XRP averaged 37,935 transactions per hour as of Wednesday, according to BitInfoCharts.com. That compares to 28,437 for ethereum and 8,240 for bitcoin.

What is Ripple Labs?

Ripple Labs is a company founded in 2012 that helped develop XRP and the current Ripple protocol.  Chris Larsen, the cofounder of E-loans and Prosper, set up a company called OpenCoin to develop the Fugger's Ripple network concept. 100 billion XRP tokens were issued to run on the protocol and power it.

chris larsen

OpenCoin changed its name to Ripple Labs in 2015 and made the Ripple network code open source, meaning anyone could work on it.
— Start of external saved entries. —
(* There is a closed subgroup $G$ of $\mathbb Z^\omega$ such that for every closed subgroup $H$ of $\mathbb Z^\omega$ there is a continuous group homomorphism $\varphi:\mathbb Z^\omega\to\mathbb Z^\omega$ with $\varphi^{-1}(G)=H$.
   Context: $\mathbb Z$ carries the discrete topology and $\mathbb Z^\omega$ the product topology. *)

theory Defs
  imports "HOL-Analysis.Analysis"
begin

definition Zomega :: "(nat \<Rightarrow> int) topology" where
  "Zomega = product_topology (\<lambda>_. discrete_topology (UNIV :: int set)) UNIV"

definition is_subgroup_Zomega :: "(nat \<Rightarrow> int) set \<Rightarrow> bool" where
  "is_subgroup_Zomega H \<longleftrightarrow>
     (\<lambda>_. 0) \<in> H \<and>
     (\<forall>x\<in>H. \<forall>y\<in>H. (\<lambda>i. x i + y i) \<in> H) \<and>
     (\<forall>x\<in>H. (\<lambda>i. - x i) \<in> H)"

definition is_hom_Zomega :: "((nat \<Rightarrow> int) \<Rightarrow> (nat \<Rightarrow> int)) \<Rightarrow> bool" where
  "is_hom_Zomega \<phi> \<longleftrightarrow> (\<forall>x y. \<phi> (\<lambda>i. x i + y i) = (\<lambda>i. \<phi> x i + \<phi> y i))"

end

theory Submission
  imports Defs "HOL-Library.Countable" "HOL-Library.Nat_Bijection"
begin

text \<open>A closed subgroup H of Z^omega is determined by its truncations to the first n
  coordinates, and each truncation is a subgroup of Z^n, hence finitely generated. There are
  only countably many pairs (n, finite list of generators), so one can reserve a block of
  coordinates for each such pair and let G be the set of sequences whose m-th block lies in the
  span of the m-th generator list. Given H, the homomorphism writes the n-th truncation of x
  into every block whose pair describes the n-th truncation of H, and zero elsewhere;
  then x is mapped into G iff every truncation of x lies in the corresponding truncation of H,
  i.e. iff x lies in the closure of H.\<close>

lemma topspace_Zomega [simp]: "topspace Zomega = UNIV"
  by (simp add: Zomega_def topspace_product_topology)

lemma continuous_map_Zomega_coordinatewise:
  assumes "\<And>j. (\<exists>i. \<forall>x. f x j = x i) \<or> (\<exists>c. \<forall>x. f x j = c)"
  shows "continuous_map Zomega Zomega f"
  unfolding Zomega_def continuous_map_componentwise_UNIV
proof
  fix j
  from assms[of j] show "continuous_map (product_topology (\<lambda>_. discrete_topology UNIV) UNIV)
      (discrete_topology UNIV) (\<lambda>x. f x j)"
  proof
    assume "\<exists>i. \<forall>x. f x j = x i"
    then obtain i where "(\<lambda>x. f x j) = (\<lambda>x. x i)" by auto
    then show ?thesis
      using continuous_map_product_projection[of i UNIV "\<lambda>_. discrete_topology UNIV"] by simp
  next
    assume "\<exists>c. \<forall>x. f x j = c"
    then obtain c where "(\<lambda>x. f x j) = (\<lambda>x. c)" by auto
    then show ?thesis by simp
  qed
qed

lemma closedin_Zomega_iff:
  "closedin Zomega S \<longleftrightarrow> (\<forall>y. (\<forall>k. \<exists>s\<in>S. \<forall>i<k. s i = y i) \<longrightarrow> y \<in> S)"
proof
  assume "closedin Zomega S"
  then have "openin Zomega (UNIV - S)" by (simp add: closedin_def)
  show "\<forall>y. (\<forall>k. \<exists>s\<in>S. \<forall>i<k. s i = y i) \<longrightarrow> y \<in> S"
  proof (intro allI impI)
    fix y assume approx: "\<forall>k. \<exists>s\<in>S. \<forall>i<k. s i = y i"
    show "y \<in> S"
    proof (rule ccontr)
      assume "y \<notin> S"
      with \<open>openin Zomega (UNIV - S)\<close> obtain U where
        U: "finite {i. U i \<noteq> UNIV}" "y \<in> Pi\<^sub>E UNIV U" "Pi\<^sub>E UNIV U \<subseteq> UNIV - S"
        unfolding Zomega_def openin_product_topology_alt by fastforce
      then obtain k where k: "\<forall>i\<in>{i. U i \<noteq> UNIV}. i < k"
        using finite_nat_set_iff_bounded by blast
      obtain s where s: "s \<in> S" "\<forall>i<k. s i = y i" using approx by blast
      have "s i \<in> U i" for i
        using k s(2) U(2) by (cases "i < k") auto
      then have "s \<in> Pi\<^sub>E UNIV U" by auto
      then show False using U(3) s(1) by blast
    qed
  qed
next
  assume limits: "\<forall>y. (\<forall>k. \<exists>s\<in>S. \<forall>i<k. s i = y i) \<longrightarrow> y \<in> S"
  have "openin Zomega (UNIV - S)"
    unfolding Zomega_def openin_product_topology_alt
  proof
    fix y assume "y \<in> UNIV - S"
    then have "\<not> (\<forall>k. \<exists>s\<in>S. \<forall>i<k. s i = y i)" using limits by blast
    then obtain k where k: "\<forall>s\<in>S. \<exists>i<k. s i \<noteq> y i" by blast
    define U where "U = (\<lambda>i. if i < k then {y i} else (UNIV::int set))"
    have "finite {i. U i \<noteq> UNIV}"
      by (rule finite_subset[of _ "{..<k}"]) (auto simp: U_def split: if_splits)
    moreover have "Pi\<^sub>E UNIV U \<subseteq> UNIV - S"
    proof
      fix z assume z: "z \<in> Pi\<^sub>E UNIV U"
      have "z i = y i" if "i < k" for i
        using that z[unfolded PiE_iff] by (metis U_def singletonD UNIV_I)
      then show "z \<in> UNIV - S" using k by blast
    qed
    moreover have "y \<in> Pi\<^sub>E UNIV U" by (auto simp: U_def)
    ultimately show "\<exists>U. finite {i \<in> UNIV. U i \<noteq> topspace (discrete_topology (UNIV::int set))} \<and>
        (\<forall>i\<in>UNIV. openin (discrete_topology (UNIV::int set)) (U i)) \<and>
        y \<in> Pi\<^sub>E UNIV U \<and> Pi\<^sub>E UNIV U \<subseteq> UNIV - S"
      by (intro exI[of _ U]) simp
  qed
  then show "closedin Zomega S" by (simp add: closedin_def)
qed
Ripple Labs remained the major contributor to the code.

While the people behind both XRP and Ripple are the same, the company insists that the open source nature of the network and the fact that XRP can be publicly bought and sold means that Ripple is not "behind" XRP — merely tangentially linked to it.
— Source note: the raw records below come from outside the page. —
(* Let $n,p,k\ge 1$, let $X\in\mathbb{R}^{n\times p}$, $\omega\in\mathbb{R}^n$, and let $\theta_1^*,\dots,\theta_k^*\in\mathbb{R}^p$, with observation $y = X\sum_{i=1}^k\theta_i^* + \omega$. Let $R_1,\dots,R_k$ be norms on $\mathbb{R}^p$ and let $(\hat\theta_1,\dots,\hat\theta_k)$ be a solution of $$\min_{\theta_1,\dots,\theta_k}\Big\|y - X\sum_{i=1}^k\theta_i\Big\|_2^2\quad\text{s.t.}\quad R_i(\theta_i)\le R_i(\theta_i^* ),\ i=1,\dots,k.$$ Set $\Delta_i=\hat\theta_i-\theta_i^*$. Assume the restricted eigenvalue condition holds with constant $\kappa>0$: for all $\Delta_i'\in\mathcal{C}_i$, $i=1,\dots,k$, $$\frac{1}{\sqrt n}\Big\|X\sum_{i=1}^k\Delta_i'\Big\|_2\ \ge\ \kappa\sum_{i=1}^k\|\Delta_i'\|_2 .$$ Let $\gamma>0$. If $\kappa^2>\gamma$, then $\sum_{i=1}^k\|\Delta_i\|_2\le 2 s_n(\gamma)$.
   Context: For each $i$, the error cone is $\mathcal{C}_i=\operatorname{cone}\{\Delta\in\mathbb{R}^p: R_i(\theta_i^*+\Delta)\le R_i(\theta_i^* )\}$, where $\operatorname{cone}(E)$ denotes the smallest closed cone containing $E$. Let $\mathcal{H}=\{\sum_{i=1}^k\Delta_i' : \Delta_i'\in\mathcal{C}_i,\ \sum_{i=1}^k\|\Delta_i'\|_2=1\}$ and, for $s>0$, $s\mathcal{H}=\{su:u\in\mathcal{H}\}$. The noise–design interaction is $$s_n(\gamma)=\inf\Big\{s>0:\ \sup_{u\in s\mathcal{H}}\frac{1}{\sqrt n}\,\omega^T X u\le \gamma s^2\sqrt n\Big\}.$$ *)

theory Defs
  imports "HOL-Analysis.Analysis"
begin

definition is_norm :: "('a::real_vector \<Rightarrow> real) \<Rightarrow> bool" where
  "is_norm R \<longleftrightarrow> (\<forall>x. 0 \<le> R x) \<and> (\<forall>x. R x = 0 \<longleftrightarrow> x = 0)
     \<and> (\<forall>c x. R (c *\<^sub>R x) = \<bar>c\<bar> * R x) \<and> (\<forall>x y. R (x + y) \<le> R x + R y)"

definition closed_cone_hull :: "'a::{real_vector,topological_space} set \<Rightarrow> 'a set" where
  "closed_cone_hull E = \<Inter>{C. cone C \<and> closed C \<and> E \<subseteq> C}"

definition error_cone :: "('a::real_normed_vector \<Rightarrow> real) \<Rightarrow> 'a \<Rightarrow> 'a set" where
  "error_cone R theta = closed_cone_hull {d. R (theta + d) \<le> R theta}"

definition H_set :: "nat \<Rightarrow> (nat \<Rightarrow> 'a::real_normed_vector \<Rightarrow> real) \<Rightarrow> (nat \<Rightarrow> 'a) \<Rightarrow> 'a set" where
  "H_set k R thetas = {(\<Sum>i=1..k. D i) | D. (\<forall>i\<in>{1..k}. D i \<in> error_cone (R i) (thetas i))
        \<and> (\<Sum>i=1..k. norm (D i)) = 1}"

text \<open>Noise-design interaction s_n(gamma), with n = CARD('n).
  The condition sup_{u in sH} f(u) <= c is written as: for all u in sH, f(u) <= c.\<close>
definition noise_design :: "real ^'p ^'n \<Rightarrow> real ^'n \<Rightarrow> nat \<Rightarrow> (nat \<Rightarrow> real^'p \<Rightarrow> real)
     \<Rightarrow> (nat \<Rightarrow> real^'p) \<Rightarrow> real \<Rightarrow> real" where
  "noise_design X w k R thetas gamma =
     Inf {s. s > 0 \<and> (\<forall>u \<in> (\<lambda>v. s *\<^sub>R v) ` H_set k R thetas.
        (1 / sqrt (real CARD('n))) * (w \<bullet> (X *v u)) \<le> gamma * s^2 * sqrt (real CARD('n)))}"

end

theory Submission
  imports Defs
begin

text \<open>The estimator is compared with the truth itself, which is feasible: this gives the basic
  inequality \<open>\<parallel>X\<Delta>\<parallel>\<^sup>2 \<le> 2 \<omega>\<^sup>T X\<Delta>\<close> for \<open>\<Delta> = \<Sum>\<^sub>i \<Delta>\<^sub>i\<close>, each \<open>\<Delta>\<^sub>i\<close> lying in its error cone.
  Writing \<open>t = \<Sum>\<^sub>i \<parallel>\<Delta>\<^sub>i\<parallel>\<close>, the restricted eigenvalue condition bounds the left side below by
  \<open>\<kappa>\<^sup>2 t\<^sup>2 n\<close>, while \<open>\<Delta>/t \<in> H\<close> and the definition of \<open>s\<^sub>n(\<gamma>)\<close> bound the right side above by
  \<open>2 \<gamma> s t n\<close> for every admissible scale \<open>s\<close>. Since \<open>\<gamma> < \<kappa>\<^sup>2\<close> this forces \<open>t \<le> 2 s\<close>.\<close>

lemma closed_cone_hull_superset: "x \<in> E \<Longrightarrow> x \<in> closed_cone_hull E"
  unfolding closed_cone_hull_def by blast

lemma closed_cone_hull_scaleR:
  "x \<in> closed_cone_hull E \<Longrightarrow> (c::real) \<ge> 0 \<Longrightarrow> c *\<^sub>R x \<in> closed_cone_hull E"
  unfolding closed_cone_hull_def cone_def by blast

lemma diff_in_error_cone: "R x \<le> R theta \<Longrightarrow> x - theta \<in> error_cone R theta"
  unfolding error_cone_def by (intro closed_cone_hull_superset) simp

lemma norm_le_one_of_H_set:
  assumes "u \<in> H_set k R thetas"
  shows "norm u \<le> 1"
proof -
  obtain D where "u = (\<Sum>i=1..k. D i)" "(\<Sum>i=1..k. norm (D i)) = 1"
    using assms unfolding H_set_def by blast
  then show ?thesis using norm_sum[of D "{1..k}"] by simp
qed

lemma linear_sum_error_cone_le:
  assumes f: "linear f"
    and bound: "\<forall>u\<in>H_set k R thetas. f u \<le> c"
    and cone: "\<forall>i\<in>{1..k}. D i \<in> error_cone (R i) (thetas i)"
  shows "f (\<Sum>i=1..k. D i) \<le> c * (\<Sum>i=1..k. norm (D i))"
proof (cases "(\<Sum>i=1..k. norm (D i)) = 0")
  case True
  then have "(\<Sum>i=1..k. D i) = 0" by (simp add: sum_nonneg_eq_0_iff)
  then show ?thesis using True linear_0[OF f] by simp
next
  case False
  define t where "t = (\<Sum>i=1..k. norm (D i))"
  have t: "t > 0" using False unfolding t_def by (simp add: order_less_le sum_nonneg)
  define D' where "D' i = (1 / t) *\<^sub>R D i" for i
  have "(\<Sum>i=1..k. D' i) \<in> H_set k R thetas"
  proof -
    have "\<forall>i\<in>{1..k}. D' i \<in> error_cone (R i) (thetas i)"
      using cone t unfolding D'_def error_cone_def by (auto intro: closed_cone_hull_scaleR)
    moreover have "(\<Sum>i=1..k. norm (D' i)) = 1"
      using t unfolding D'_def t_def by (simp add: sum_divide_distrib[symmetric])
    ultimately show ?thesis unfolding H_set_def by blast
  qed
  moreover have "(\<Sum>i=1..k. D' i) = (1 / t) *\<^sub>R (\<Sum>i=1..k. D i)"
    unfolding D'_def by (simp add: scaleR_sum_right)
  ultimately have "f ((1 / t) *\<^sub>R (\<Sum>i=1..k. D i)) \<le> c"
    using bound by metis
  then have "(1 / t) * f (\<Sum>i=1..k. D i) \<le> c"
    by (simp add: linear_scale[OF f])
  then show ?thesis using t unfolding t_def[symmetric] by (simp add: field_simps)
qed

definition noise_design_scales ::
    "real ^'p ^'n \<Rightarrow> real ^'n \<Rightarrow> nat \<Rightarrow> (nat \<Rightarrow> real^'p \<Rightarrow> real) \<Rightarrow> (nat \<Rightarrow> real^'p) \<Rightarrow> real
      \<Rightarrow> real set" where
  "noise_design_scales X w k R thetas gamma =
     {s. s > 0 \<and> (\<forall>u\<in>H_set k R thetas. w \<bullet> (X *v u) \<le> gamma * s * real CARD('n))}"

lemma noise_design_eq_Inf_scales:
  fixes X :: "real ^'p ^'n"
  shows "noise_design X w k R thetas gamma = Inf (noise_design_scales X w k R thetas gamma)"
proof -
  define N where "N = real CARD('n)"
  have "N > 0" unfolding N_def by simp
  then have N: "sqrt N > 0" "sqrt N * sqrt N = N" by auto
  have "(1 / sqrt N) * (w \<bullet> (X *v (s *\<^sub>R u))) \<le> gamma * s\<^sup>2 * sqrt N
          \<longleftrightarrow> w \<bullet> (X *v u) \<le> gamma * s * N" if "s > 0" for s u
  proof -
    have "(1 / sqrt N) * (w \<bullet> (X *v (s *\<^sub>R u))) \<le> gamma * s\<^sup>2 * sqrt N
          \<longleftrightarrow> s * (w \<bullet> (X *v u)) \<le> s * (gamma * s * N)"
      using N by (simp add: matrix_vector_mult_scaleR field_simps power2_eq_square)
    also have "\<dots> \<longleftrightarrow> w \<bullet> (X *v u) \<le> gamma * s * N" using that by (simp add: mult.assoc)
    finally show ?thesis .
  qed
  then show ?thesis
    unfolding noise_design_def noise_design_scales_def N_def[symmetric]
    by (intro arg_cong[where f = Inf]) auto
qed

lemma noise_design_scales_nonempty:
  fixes X :: "real ^'p ^'n"
  assumes "gamma > 0"
  shows "noise_design_scales X w k R thetas gamma \<noteq> {}"
proof -
  define N where "N = real CARD('n)"
  have N: "N > 0" unfolding N_def by simp
  obtain B where B: "\<And>x. norm (X *v x) \<le> norm x * B" "B > 0"
    using bounded_linear.pos_bounded[OF matrix_vector_mul_bounded_linear[of X]] by blast
  have "w \<bullet> (X *v u) \<le> norm w * B" if "u \<in> H_set k R thetas" for u
  proof -
    have "w \<bullet> (X *v u) \<le> norm w * norm (X *v u)" by (rule norm_cauchy_schwarz)
    also have "\<dots> \<le> norm w * (norm u * B)" by (rule mult_left_mono[OF B(1)]) simp
    also have "\<dots> \<le> norm w * B"
      using norm_le_one_of_H_set[OF that] B(2) by (simp add: mult_left_mono mult_right_le_one_le)
    finally show ?thesis .
  qed
  moreover have "gamma * ((norm w * B + 1) / (gamma * N)) * N = norm w * B + 1"
    using assms N by simp
  moreover have "(norm w * B + 1) / (gamma * N) > 0"
    using assms N B(2) by (simp add: add_nonneg_pos)
  ultimately have "(norm w * B + 1) / (gamma * N) \<in> noise_design_scales X w k R thetas gamma"
    unfolding noise_design_scales_def N_def by force
  then show ?thesis by blast
qed

lemma basic_inequality:
  fixes w v :: "'a::real_inner"
  assumes "(norm (w - v))\<^sup>2 \<le> (norm w)\<^sup>2"
  shows "(norm v)\<^sup>2 \<le> 2 * (w \<bullet> v)"
  using assms by (simp add: power2_norm_eq_inner inner_diff inner_commute)

lemma sum_norm_le_twice_scale:
  fixes X :: "real ^'p ^'n" and w :: "real ^'n" and k :: nat and D :: "nat \<Rightarrow> real ^'p"
  defines "t \<equiv> \<Sum>i=1..k. norm (D i)" and "v \<equiv> X *v (\<Sum>i=1..k. D i)"
  assumes cone: "\<forall>i\<in>{1..k}. D i \<in> error_cone (R i) (thetas i)"
    and basic: "(norm v)\<^sup>2 \<le> 2 * (w \<bullet> v)"
    and RE: "(1 / sqrt (real CARD('n))) * norm v \<ge> kappa * t"
    and kappa: "kappa > 0" and kg: "kappa\<^sup>2 > gamma"
    and s: "s \<in> noise_design_scales X w k R thetas gamma"
  shows "t \<le> 2 * s"
proof -
  define N where "N = real CARD('n)"
  have "N > 0" unfolding N_def by simp
  then have N: "N > 0" "sqrt N * sqrt N = N" by auto
  have s_pos: "s > 0" and s_bound: "\<forall>u\<in>H_set k R thetas. w \<bullet> (X *v u) \<le> gamma * s * N"
    using s unfolding noise_design_scales_def N_def by auto
  have t: "t \<ge> 0" unfolding t_def by (simp add: sum_nonneg)
  have "linear (\<lambda>u. w \<bullet> (X *v u))"
    by (simp add: linear_iff inner_add_right matrix_vector_right_distrib matrix_vector_mult_scaleR)
  then have upper: "w \<bullet> v \<le> gamma * s * N * t"
    using linear_sum_error_cone_le[OF _ s_bound cone] unfolding v_def t_def by blast
  have "kappa * t * sqrt N \<le> norm v"
    using RE N by (simp add: N_def field_simps)
  then have "(kappa * t * sqrt N)\<^sup>2 \<le> (norm v)\<^sup>2"
    using kappa t N by (intro power_mono) auto
  moreover have "(kappa * t * sqrt N)\<^sup>2 = kappa\<^sup>2 * t\<^sup>2 * N"
    using N by (simp add: power_mult_distrib)
  ultimately have "kappa\<^sup>2 * t\<^sup>2 * N \<le> 2 * gamma * s * N * t"
    using basic upper by linarith
  then have "t * (kappa\<^sup>2 * t) \<le> t * (2 * gamma * s)"
    using N by (simp add: power2_eq_square mult_ac)
  moreover have "2 * gamma * s < 2 * kappa\<^sup>2 * s" using kg s_pos by simp
  ultimately have "t = 0 \<or> kappa\<^sup>2 * t < kappa\<^sup>2 * (2 * s)"
    using t by (auto simp: mult_le_cancel_left)
  then show ?thesis using s_pos kappa by (auto simp: mult_less_cancel_left)
qed

theorem theorem1:
  fixes X :: "real ^'p ^'n" and w y :: "real ^'n" and k :: nat
    and thetas thetahat :: "nat \<Rightarrow> real ^'p" and R :: "nat \<Rightarrow> real ^'p \<Rightarrow> real"
    and kappa gamma :: real
  assumes k: "k \<ge> 1"
    and y: "y = X *v (\<Sum>i=1..k. thetas i) + w"
    and norms: "\<forall>i\<in>{1..k}. is_norm (R i)"
    and feas: "\<forall>i\<in>{1..k}. R i (thetahat i) \<le> R i (thetas i)"
    and opt: "\<forall>theta. (\<forall>i\<in>{1..k}. R i (theta i) \<le> R i (thetas i)) \<longrightarrow>
               (norm (y - X *v (\<Sum>i=1..k. thetahat i)))^2 \<le> (norm (y - X *v (\<Sum>i=1..k. theta i)))^2"
    and kappa: "kappa > 0"
    and RE: "\<forall>D. (\<forall>i\<in>{1..k}. D i \<in> error_cone (R i) (thetas i)) \<longrightarrow>
               (1 / sqrt (real CARD('n))) * norm (X *v (\<Sum>i=1..k. D i)) \<ge> kappa * (\<Sum>i=1..k. norm (D i))"
    and gamma: "gamma > 0"
    and kg: "kappa^2 > gamma"
  shows "(\<Sum>i=1..k. norm (thetahat i - thetas i)) \<le> 2 * noise_design X w k R thetas gamma"
proof -
  define D where "D i = thetahat i - thetas i" for i
  have cone: "\<forall>i\<in>{1..k}. D i \<in> error_cone (R i) (thetas i)"
    using feas unfolding D_def by (simp add: diff_in_error_cone)
  have "(\<Sum>i=1..k. thetahat i) = (\<Sum>i=1..k. thetas i) + (\<Sum>i=1..k. D i)"
    unfolding D_def by (simp add: sum_subtractf)
  then have "(norm (w - X *v (\<Sum>i=1..k. D i)))\<^sup>2 \<le> (norm w)\<^sup>2"
    using opt[rule_format, of thetas] y by (simp add: matrix_vector_right_distrib)
  then have basic: "(norm (X *v (\<Sum>i=1..k. D i)))\<^sup>2 \<le> 2 * (w \<bullet> (X *v (\<Sum>i=1..k. D i)))"
    by (rule basic_inequality)
  have "(\<Sum>i=1..k. norm (D i)) / 2 \<le> Inf (noise_design_scales X w k R thetas gamma)"
    using noise_design_scales_nonempty[OF gamma]
  proof (rule cInf_greatest)
    fix s assume "s \<in> noise_design_scales X w k R thetas gamma"
    from sum_norm_le_twice_scale[OF cone basic RE[rule_format, OF cone[rule_format]] kappa kg this]
    show "(\<Sum>i=1..k. norm (D i)) / 2 \<le> s" by simp
  qed
  then show ?thesis unfolding D_def noise_design_eq_Inf_scales by simp
qed

end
"It’s one of our creations that we’re proud of but it’s separate from the company," Treacher told BI. "We are trying to reinforce the fact that there’s Ripple the company and there’s XRP the currency."

BI pointed out that it's confusing to have both the company and the asset have the same name, logo, and creators. Treacher said he doesn't accept that and said Ripple isn't considering changing its name to differentiate the company.

Who owns XRP? 

Ripple owns 61 billion of the 100 billion outstanding XRP in circulation. The company's holding is valued at just under $50 billion. The rest of the currency is traded freely on the open market.

Ripple's domination of XRP has drawn criticism from some in the cryptocurrency community as many are attracted by crypto's promise of decentralization and the lack of a central authority controlling a currency. 

In response, Ripple has placed 55 billion of its XRP holdings into escrow. Tom Channick, Head of Corporate Communications at Ripple, told BI: "1 billion XRP is released to Ripple each month to use at its discretion. Last month was the first contract expiration. Ripple spent less than $100 million worth of XRP last month, which means the remaining $900 million+ was placed back in a new escrow contract for month 56."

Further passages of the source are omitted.